Bir balık türü karaya çıktı ve diğer tüm türlerin yanında memeliler ve sürüngenlere imkân sağladı. Sürüngenlerin bir kısmı kuş oldu, memelilerin bir kısmı da primat, primatların bir kısmı kuyruklu maymunlara, bir kısmı da bir dizi insan türünü içine alan büyük apelere dönüştü. Anlayacağınız üzere biz maymunlardan evrilmedik fakat onlarla ortak bir ata paylaşıyoruz.
All the while, life around us kept evolving: more bacteria, more fungi, lots of fish, fish, fish. If you couldn't tell -- yes, they're my favorite group.
Bu esnada etrafımızdaki yaşam evrim geçirmeye devam etti: daha fazla bakteri, daha fazla mantar ve çok sayıda balık. Eğer hâlâ anlamadıysanız, onlar benim en sevdiğim grup.
(Laughter)
(Kahkahalar)
As life evolves, it also goes extinct. Most species just last for a few million years. So you see, most life on earth that we see around us today are about the same age as our species. So it's hubris, it's self-centered to think, "Oh, plants and bacteria are primitive, and we've been here for an evolutionary minute, so we're somehow special."
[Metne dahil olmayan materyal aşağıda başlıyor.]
text \<open>S^i_n is the sum of h^i_j(-t) over the marked points (j, t) of x in v^i_n, and these
  neighbourhoods increase and exhaust I \<times> (-\<infinity>, 0).\<close>

lemma Ssum_LIMSEQ:
  assumes x: "x \<in> confs \<inter> confs_sep \<delta>"
  shows "(\<lambda>n. Ssum h \<omega> \<delta> i n x) \<longlonglongrightarrow> (\<Sum>\<^sub>\<infinity>j. cint_all (h i j) (x j))"
proof -
  define F where "F = (\<lambda>(j, t). h i j (- t))"
  have pts_eq: "pts x = Sigma UNIV (\<lambda>j. x j \<inter> {..<0})"
    using confs_negative[OF IntD1[OF x]] by (auto simp: pts_def)
  have "(\<lambda>j. cint_all (h i j) (x j)) summable_on UNIV"
    by (rule summable_on_comparison_test[OF cint_bound_summable]) (use cint_all_bounds[OF x] in auto)
  then have summable: "F summable_on pts x"
    unfolding pts_eq F_def using cint_all_bounds(1,2)[OF x]
    by (intro summable_on_SigmaI[where g = "\<lambda>j. cint_all (h i j) (x j)"])
      (auto simp: cint_all_def intro!: nonneg)
  have F_nonneg: "0 \<le> F a" if "a \<in> pts x" for a
    using that unfolding pts_eq F_def by (auto intro!: nonneg)
  have limit_eq: "(\<Sum>\<^sub>\<infinity>j. cint_all (h i j) (x j)) = infsum F (pts x)"
    using infsum_Sigma_banach[of F UNIV] summable unfolding pts_eq by (simp add: F_def cint_all_def)
  have Ssum_eq: "Ssum h \<omega> \<delta> i n x = infsum F (pts x \<inter> nbh \<omega> \<delta> i n)" for n
  proof -
    have window: "pts x \<inter> nbh \<omega> \<delta> i n = Sigma (\<omega> i n) (\<lambda>j. x j \<inter> {- (real n * \<delta>)..<0})"
      by (auto simp: pts_def nbh_def)
    have "F summable_on pts x \<inter> nbh \<omega> \<delta> i n"
      using summable by (rule summable_on_subset_banach) simp
    then show ?thesis
      unfolding Ssum_def cint_def window using infsum_Sigma_banach[of F "\<omega> i n"] by (simp add: F_def)
  qed
  have "incseq (\<lambda>n. pts x \<inter> nbh \<omega> \<delta> i n)"
    using incseq_nbh[of i] by (auto simp: incseq_def)
  moreover have "(\<Union>n. pts x \<inter> nbh \<omega> \<delta> i n) = pts x"
    using Union_nbh[of i] pts_eq by auto
  ultimately show ?thesis
    unfolding limit_eq Ssum_eq by (intro infsum_incseq_Union_LIMSEQ[OF summable F_nonneg])
qed

lemma Delta_telescope:
  assumes x: "x \<in> confs" and "1 \<le> n"
  shows "(\<Sum>k=1..n. Delta \<psi> h \<omega> \<delta> i k x) = \<psi> i (Ssum h \<omega> \<delta> i n x) * refr \<delta> x i"
  using \<open>1 \<le> n\<close>
proof (induction n rule: dec_induct)
  case base
  show ?case
    using Ssum_1[OF x] by (cases "refr \<delta> x i = 1") (auto simp: Delta_def refr_def)
next
  case (step n)
  then show ?case by (simp add: Delta_def algebra_simps)
qed

lemma Delta_has_sum:
  assumes x: "x \<in> confs \<inter> confs_sep \<delta>"
  shows "((\<lambda>k. Delta \<psi> h \<omega> \<delta> i k x) has_sum hawkes_phi \<psi> h \<delta> i x) {1..}"
proof -
  let ?S = "\<Sum>\<^sub>\<infinity>j. cint_all (h i j) (x j)"
  have "isCont (\<psi> i) ?S"
    using psi_cont continuous_on_eq_continuous_at by blast
  then have "(\<lambda>n. \<psi> i (Ssum h \<omega> \<delta> i n x) * refr \<delta> x i) \<longlonglongrightarrow> \<psi> i ?S * refr \<delta> x i"
    by (intro tendsto_mult_right isCont_tendsto_compose[OF _ Ssum_LIMSEQ[OF x]])
  then have "(\<lambda>n. \<Sum>k<n. Delta \<psi> h \<omega> \<delta> i (Suc k) x) \<longlonglongrightarrow> hawkes_phi \<psi> h \<delta> i x"
    unfolding hawkes_phi_def
  proof (rule Lim_transform_eventually)
    show "\<forall>\<^sub>F n in sequentially.
        \<psi> i (Ssum h \<omega> \<delta> i n x) * refr \<delta> x i = (\<Sum>k<n. Delta \<psi> h \<omega> \<delta> i (Suc k) x)"
      unfolding eventually_sequentially
      using Delta_telescope[OF IntD1[OF x]] sum_bounds_lt_plus1[of "\<lambda>k. Delta \<psi> h \<omega> \<delta> i k x"]
      by (intro exI[of _ 1] allI impI) simp
  qed
  then have "((\<lambda>k. Delta \<psi> h \<omega> \<delta> i (Suc k) x) has_sum hawkes_phi \<psi> h \<delta> i x) UNIV"
    by (intro sums_nonneg_imp_has_sum Delta_nonneg[OF x]) (auto simp: sums_def)
  moreover have "range Suc = {1..}"
    by (auto simp: image_iff) (metis Suc_pred' less_eq_Suc_le)
  ultimately show ?thesis
    using has_sum_reindex[of Suc UNIV "\<lambda>k. Delta \<psi> h \<omega> \<delta> i k x"] by (simp add: o_def)
qed

lemma Gbar_eq:
  assumes "2 \<le> k"
  shows "Gbar \<psi> h \<omega> \<delta> L i k = L * (infsum (cint_bound i) (\<omega> i k - \<omega> i (k - 1))
      + infsum (\<lambda>j. h i j (real (k - 1) * \<delta>)) (\<omega> i (k - 1)))"
  using assms by (simp add: Gbar_def cint_bound_def[abs_def])

lemma Gbar_nonneg:
  assumes "0 \<le> L" "1 \<le> k"
  shows "0 \<le> Gbar \<psi> h \<omega> \<delta> L i k"
  using assms delta_pos
  by (cases "k = 1") (auto simp: Gbar_eq psi_nonneg Gbar_def cint_bound_nonneg
      intro!: mult_nonneg_nonneg add_nonneg_nonneg infsum_nonneg nonneg divide_nonneg_pos
        L1norm_nonneg)

text \<open>New types j \<in> \<omega>^i_k - \<omega>^i_{k-1} contribute at most their full bound; old types only gain
  the points in the extra window [-k\<delta>, -(k-1)\<delta>), of which there is at most one.\<close>

lemma Ssum_increment_le:
  assumes x: "x \<in> confs \<inter> confs_sep \<delta>" and "2 \<le> k"
  shows "Ssum h \<omega> \<delta> i k x - Ssum h \<omega> \<delta> i (k - 1) x
    \<le> infsum (cint_bound i) (\<omega> i k - \<omega> i (k - 1)) + infsum (\<lambda>j. h i j (real (k - 1) * \<delta>)) (\<omega> i (k - 1))"
proof -
  define m where "m = k - 1"
  define c where "c a j = cint (h i j) (x j) a" for a j
  have m: "1 \<le> m" "k = Suc m" using \<open>2 \<le> k\<close> by (auto simp: m_def)
  have c_summable: "c a summable_on A" for a A unfolding c_def by (rule cint_summable[OF x])
  have md: "0 \<le> real m * \<delta>" using delta_pos by simp
  have "(\<omega> i k - \<omega> i m) \<inter> \<omega> i m = {}" by blast
  from infsum_Un_disjoint[OF c_summable c_summable this]
  have "Ssum h \<omega> \<delta> i k x = infsum (c (- (real k * \<delta>))) (\<omega> i k - \<omega> i m)
      + infsum (c (- (real k * \<delta>))) (\<omega> i m)"
    unfolding Ssum_def c_def[symmetric] using omega_mono[OF m(1), of i] m(2) by (simp add: Un_absorb2)
  moreover have "infsum (c (- (real k * \<delta>))) (\<omega> i k - \<omega> i m) \<le> infsum (cint_bound i) (\<omega> i k - \<omega> i m)"
    by (rule infsum_mono[OF c_summable cint_bound_summable]) (unfold c_def, rule cint_le_bound[OF x])
  moreover have "infsum (c (- (real k * \<delta>))) (\<omega> i m)
      \<le> infsum (\<lambda>j. c (- (real m * \<delta>)) j + h i j (real m * \<delta>)) (\<omega> i m)"
    using cint_extend_le[OF x md] m(2)
    by (intro infsum_mono[OF c_summable summable_on_add[OF c_summable kernel_summable[OF md]]])
      (simp add: c_def algebra_simps)
  moreover have "\<dots> = Ssum h \<omega> \<delta> i m x + infsum (\<lambda>j. h i j (real m * \<delta>)) (\<omega> i m)"
    unfolding Ssum_def c_def by (rule infsum_add[OF c_summable[unfolded c_def] kernel_summable[OF md]])
  ultimately show ?thesis by (simp add: m_def)
qed
lemma exp_decay_imp_powr_bound:
  fixes g :: "real \<Rightarrow> 'j \<Rightarrow> nat \<Rightarrow> real" and \<gamma> :: real
  assumes mono: "\<And>s t j m. s \<le> t \<Longrightarrow> g s j m \<le> g t j m"
    and decay: "\<And>t. t < 1 \<Longrightarrow> \<exists>C \<beta>. \<beta> > 0 \<and> (\<forall>j m. g t j m \<le> C * exp (- \<beta> * real m))"
  shows "\<exists>\<rho>. mono_on {0<..<1} \<rho> \<and>
           (\<forall>t\<in>{0<..<1}. \<forall>j m. m \<ge> 1 \<longrightarrow> g t j m \<le> \<rho> t * real m powr (1 - \<gamma>))"
proof -
  define f where "f t p = g t (fst p) (snd p) * real (snd p) powr (\<gamma> - 1)" for t p
  define A :: "('j \<times> nat) set" where "A = UNIV \<times> {1..}"
  have bdd: "bdd_above (f t ` A)" if t: "t < 1" for t
  proof -
    obtain C \<beta> where "\<beta> > 0" and C: "\<And>j m. g t j m \<le> C * exp (- \<beta> * real m)"
      using decay[OF t] by blast
    obtain B where B: "\<And>m::nat. norm (exp (- \<beta> * real m) * real m powr (\<gamma> - 1)) \<le> B"
      using bounded_exp_decay_times_powr[OF \<open>\<beta> > 0\<close>, where a = "\<gamma> - 1"] by blast
    have "f t (j, m) \<le> \<bar>C\<bar> * B" for j m
    proof -
      have "f t (j, m) \<le> C * exp (- \<beta> * real m) * real m powr (\<gamma> - 1)"
        unfolding f_def prod.sel by (rule mult_right_mono[OF C]) simp
      also have "\<dots> = C * (exp (- \<beta> * real m) * real m powr (\<gamma> - 1))"
        by (rule mult.assoc)
      also have "\<dots> \<le> \<bar>C\<bar> * norm (exp (- \<beta> * real m) * real m powr (\<gamma> - 1))"
        unfolding real_norm_def abs_mult[symmetric] by (rule abs_ge_self)
      also have "\<dots> \<le> \<bar>C\<bar> * B"
        using B[of m] by (rule mult_left_mono) simp
      finally show ?thesis .
    qed
    then show ?thesis by (intro bdd_aboveI2[where M = "\<bar>C\<bar> * B"]) (metis surj_pair)
  qed
  define \<rho> where "\<rho> t = (SUP p\<in>A. f t p)" for t
  have "mono_on {0<..<1} \<rho>"
  proof (rule mono_onI)
    fix s t :: real assume "s \<in> {0<..<1}" "t \<in> {0<..<1}" "s \<le> t"
    have "f s p \<le> f t p" for p
      unfolding f_def using \<open>s \<le> t\<close> by (intro mult_right_mono mono) simp_all
    then show "\<rho> s \<le> \<rho> t" unfolding \<rho>_def
      using \<open>t \<in> {0<..<1}\<close> by (intro cSUP_mono bdd) (auto simp: A_def)
  qed
  moreover have "g t j m \<le> \<rho> t * real m powr (1 - \<gamma>)" if "t < 1" "m \<ge> 1" for t j m
  proof -
    have "g t j m = f t (j, m) * real m powr (1 - \<gamma>)"
      using that by (simp add: f_def powr_add[symmetric])
    also have "\<dots> \<le> \<rho> t * real m powr (1 - \<gamma>)"
      unfolding \<rho>_def using that by (intro mult_right_mono cSUP_upper bdd) (auto simp: A_def)
    finally show ?thesis .
  qed
  ultimately show ?thesis by auto
qed
(* Let $d,r\ge2$. The map $\mathbb M_{d,r}\to\mathcal M_{d,r}$ sending $(\mathbf u,\mathbf w)$ to the element whose $i$-th chart representative is $\varphi_i(\mathbf u,\mathbf w)$ is well defined and bijective (each $\varphi_i$ is a bijection $\mathbb M_{d,r}\to M^{(i)}_{d,r}$ and $\mu_{i,i+1}\circ\varphi_i=\varphi_{i+1}$). Under this identification, $(\mathbf a,\mathbf b)\mapsto f_{\mathbf a,\mathbf b}$ is a bijection from $T_{d,r}$ onto $\mathrm{Sp}(\mathcal M_{d,r})$, restricting for each $i\in[r]$ to a bijection from $T_{d,r}(i)$ onto $\mathrm{Sp}(\mathcal M_{d,r},i)$. In particular $\mathcal M_{d,r}$ is full.
   Context: A polyptych lattice over $\mathbb Z$: lattices $\{M_\alpha\}_{\alpha\in I}$ of rank $n$ with piecewise linear maps (continuous, linear on the cones of a complete rational fan) $\mu_{\alpha,\beta}$, $\mu_{\alpha,\alpha}=\mathrm{id}$, $\mu_{\alpha,\beta}=\mu_{\beta,\alpha}^{-1}$, $\mu_{\beta,\gamma}\mu_{\alpha,\beta}=\mu_{\alpha,\gamma}$; elements are classes of $\bigsqcup M_\alpha$ under $m\sim\mu_{\alpha,\beta}(m)$, with chart maps $\pi_\alpha$; $m+_\alpha m'=\pi_\alpha^{-1}(\pi_\alpha m+\pi_\alpha m')$; $\lambda m=\pi_\alpha^{-1}(\lambda\pi_\alpha m)$. A point is $p:\mathcal M\to\mathbb Z$ with $p(m)+p(m')=\min_\alpha p(m+_\alpha m')$ and $p(\lambda m)=\lambda p(m)$ ($\lambda\in\mathbb Z_{\ge0}$); $\mathrm{Sp}(\mathcal M)$ is the set of points, $\mathrm{Sp}(\mathcal M,\alpha)$ those with $p\circ\pi_\alpha^{-1}$ linear; $\mathcal M$ is full if $\mathrm{Sp}(\mathcal M)=\bigcup_\alpha\mathrm{Sp}(\mathcal M,\alpha)$. The polyptych lattice $\mathcal M_{d,r}$ (rank $d+r-1$): coordinates $(\mathbf u,\mathbf w)\in\mathbb Z^d\times\mathbb Z^r$; charts $M^{(i)}_{d,r}=\{(\mathbf u,\mathbf w):w_i=0\}$ for $i\in[r]$; mutations $\mu_{i,i+1}(\mathbf u,\mathbf w)=(\mathbf u,w_1,\dots,w_{i-1},\min\{u_1,\dots,u_d\}-\sum_kw_k,0,w_{i+2},\dots,w_r)$ for $i\in[r-1]$, with all other $\mu_{i,j}$ obtained by composition and inversion. Let $\mathbf 1=(1,\dots,1)\in\mathbb Z^d$, $\langle\cdot,\cdot\rangle$ the standard pairing, $\varepsilon_i$ standard basis vectors. $\mathbb M_{d,r}=\{(\mathbf u,\mathbf w)\in\mathbb Z^d\times\mathbb Z^r:\min_ju_j=0\}$. $\varphi_i:\mathbb M_{d,r}\to M^{(i)}_{d,r}$, $\varphi_i(\mathbf u,\mathbf w)=\pi_i(\mathbf u+\langle\mathbf 1,\mathbf w\rangle\mathbf 1,\mathbf w)$ where $\pi_i$ sets the $i$-th $\mathbf w$-coordinate to $0$ (its inverse is $(\mathbf u,\mathbf w)\mapsto(\mathbf u-\min(\mathbf u)\mathbf 1,\mathbf w+(\min(\mathbf u)-\langle\mathbf 1,\mathbf w\rangle)\varepsilon_i)$). $T_{d,r}=\{(\mathbf a,\mathbf b)\in\mathbb Z^d\times\mathbb Z^r:a_1+\cdots+a_d=\min\{b_1,\dots,b_r\}\}$, $T_{d,r}(i)=\{(\mathbf a,\mathbf b)\in T_{d,r}:a_1+\cdots+a_d=b_i\}$. For $(\mathbf a,\mathbf b)\in T_{d,r}$, $f_{\mathbf a,\mathbf b}:\mathbb M_{d,r}\to\mathbb Z$, $f_{\mathbf a,\mathbf b}(\mathbf u,\mathbf w)=\langle\mathbf a,\mathbf u\rangle+\langle\mathbf b,\mathbf w\rangle$. *)

theory Defs
  imports "HOL-Library.FuncSet"
begin

(* Vectors u in Z^d and w in Z^r are int lists of length d resp. r.
   Indices are 0-based: the chart index i in [r] of the paper is i < r here,
   and w_i of the paper is w ! i (with the shift i -> i-1). *)

type_synonym pt = "int list \<times> int list"

definition vadd :: "pt \<Rightarrow> pt \<Rightarrow> pt" where
  "vadd m m' = (map2 (+) (fst m) (fst m'), map2 (+) (snd m) (snd m'))"

definition vscale :: "int \<Rightarrow> pt \<Rightarrow> pt" where
  "vscale l m = (map ((*) l) (fst m), map ((*) l) (snd m))"

definition chart :: "nat \<Rightarrow> nat \<Rightarrow> nat \<Rightarrow> pt set" where
  "chart d r i = {(u, w). length u = d \<and> length w = r \<and> w ! i = 0}"

definition mu :: "nat \<Rightarrow> pt \<Rightarrow> pt" where
  "mu i m = (case m of (u, w) \<Rightarrow> (u, w[i := Min (set u) - sum_list w, Suc i := 0]))"

definition DU :: "nat \<Rightarrow> nat \<Rightarrow> (nat \<times> pt) set" where
  "DU d r = {(i, m). i < r \<and> m \<in> chart d r i}"

text \<open>Generating identifications m ~ mu_{i,i+1}(m); all other mu_{i,j} are
  compositions/inverses of these, so the identification relation is the
  equivalence relation generated by them.\<close>
definition mstep :: "nat \<Rightarrow> nat \<Rightarrow> nat \<times> pt \<Rightarrow> nat \<times> pt \<Rightarrow> bool" where
  "mstep d r x y \<longleftrightarrow> Suc (fst x) < r \<and> snd x \<in> chart d r (fst x)
      \<and> fst y = Suc (fst x) \<and> snd y = mu (fst x) (snd x)"

definition mrel :: "nat \<Rightarrow> nat \<Rightarrow> ((nat \<times> pt) \<times> (nat \<times> pt)) set" where
  "mrel d r = {(x, y). x \<in> DU d r \<and> y \<in> DU d r \<and> (sup (mstep d r) (mstep d r)\<inverse>\<inverse>)\<^sup>*\<^sup>* x y}"

definition PL :: "nat \<Rightarrow> nat \<Rightarrow> (nat \<times> pt) set set" where
  "PL d r = DU d r // mrel d r"

definition chartmap :: "nat \<Rightarrow> (nat \<times> pt) set \<Rightarrow> pt" where
  "chartmap i X = (THE m. (i, m) \<in> X)"

definition chartinv :: "nat \<Rightarrow> nat \<Rightarrow> nat \<Rightarrow> pt \<Rightarrow> (nat \<times> pt) set" where
  "chartinv d r i m = mrel d r `` {(i, m)}"

definition padd :: "nat \<Rightarrow> nat \<Rightarrow> nat \<Rightarrow> (nat \<times> pt) set \<Rightarrow> (nat \<times> pt) set \<Rightarrow> (nat \<times> pt) set" where
  "padd d r i X Y = chartinv d r i (vadd (chartmap i X) (chartmap i Y))"

definition psmul :: "nat \<Rightarrow> nat \<Rightarrow> nat \<Rightarrow> int \<Rightarrow> (nat \<times> pt) set \<Rightarrow> (nat \<times> pt) set" where
  "psmul d r i l X = chartinv d r i (vscale l (chartmap i X))"

definition Sp :: "nat \<Rightarrow> nat \<Rightarrow> ((nat \<times> pt) set \<Rightarrow> int) set" where
  "Sp d r = {p \<in> extensional (PL d r).
      (\<forall>X\<in>PL d r. \<forall>Y\<in>PL d r. p X + p Y = Min {p (padd d r i X Y) | i. i < r}) \<and>
      (\<forall>X\<in>PL d r. \<forall>l::int. l \<ge> 0 \<longrightarrow> (\<forall>i<r. p (psmul d r i l X) = l * p X))}"

text \<open>Points that are linear in chart i, i.e. p o pi_i^{-1} is additive (hence Z-linear)
  on the lattice M^(i).\<close>
definition Sp_chart :: "nat \<Rightarrow> nat \<Rightarrow> nat \<Rightarrow> ((nat \<times> pt) set \<Rightarrow> int) set" where
  "Sp_chart d r i = {p \<in> Sp d r. \<forall>m\<in>chart d r i. \<forall>m'\<in>chart d r i.
      p (chartinv d r i (vadd m m')) = p (chartinv d r i m) + p (chartinv d r i m')}"

definition full :: "nat \<Rightarrow> nat \<Rightarrow> bool" where
  "full d r \<longleftrightarrow> Sp d r = (\<Union>i<r. Sp_chart d r i)"

definition MM :: "nat \<Rightarrow> nat \<Rightarrow> pt set" where
  "MM d r = {(u, w). length u = d \<and> length w = r \<and> Min (set u) = 0}"

definition phi :: "nat \<Rightarrow> pt \<Rightarrow> pt" where
  "phi i m = (case m of (u, w) \<Rightarrow> (map (\<lambda>x. x + sum_list w) u, w[i := 0]))"

definition Phi :: "nat \<Rightarrow> nat \<Rightarrow> pt \<Rightarrow> (nat \<times> pt) set" where
  "Phi d r m = chartinv d r 0 (phi 0 m)"

definition T :: "nat \<Rightarrow> nat \<Rightarrow> pt set" where
  "T d r = {(a, b). length a = d \<and> length b = r \<and> sum_list a = Min (set b)}"

definition T_i :: "nat \<Rightarrow> nat \<Rightarrow> nat \<Rightarrow> pt set" where
  "T_i d r i = {(a, b). (a, b) \<in> T d r \<and> sum_list a = b ! i}"

definition fab :: "int list \<Rightarrow> int list \<Rightarrow> pt \<Rightarrow> int" where
  "fab a b m = sum_list (map2 (*) a (fst m)) + sum_list (map2 (*) b (snd m))"

definition pull :: "nat \<Rightarrow> nat \<Rightarrow> ((nat \<times> pt) set \<Rightarrow> int) \<Rightarrow> (pt \<Rightarrow> int)" where
  "pull d r p = restrict (p \<circ> Phi d r) (MM d r)"

end

theory Submission
  imports Defs
begin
Yaşam evrim geçirirken, bir yandan da nesiller tükeniyor. Türlerin çoğu yalnızca birkaç milyon yıl hayatta kaldılar. Yani bugün çevremizde gördüğümüz hayatın büyük kısmı bizim türümüzle aşağı yukarı aynı yaşta. Yani şöyle düşünmek aşırı kibirden ibaret: ''Bitkiler ve bakteriler ilkel ve biz çok kısa bir zamandır buradayız, o hâlde biz özeliz.''
Think of life as being this book, an unfinished book for sure. We're just seeing the last few pages of each chapter. If you look out on the eight million species that we share this planet with, think of them all being four billion years of evolution. They're all the product of that. Think of us all as young leaves on this ancient and gigantic tree of life, all of us connected by invisible branches not just to each other, but to our extinct relatives and our evolutionary ancestors. As a biologist, I'm still trying to learn, with others, how everyone's related to each other, who is related to whom.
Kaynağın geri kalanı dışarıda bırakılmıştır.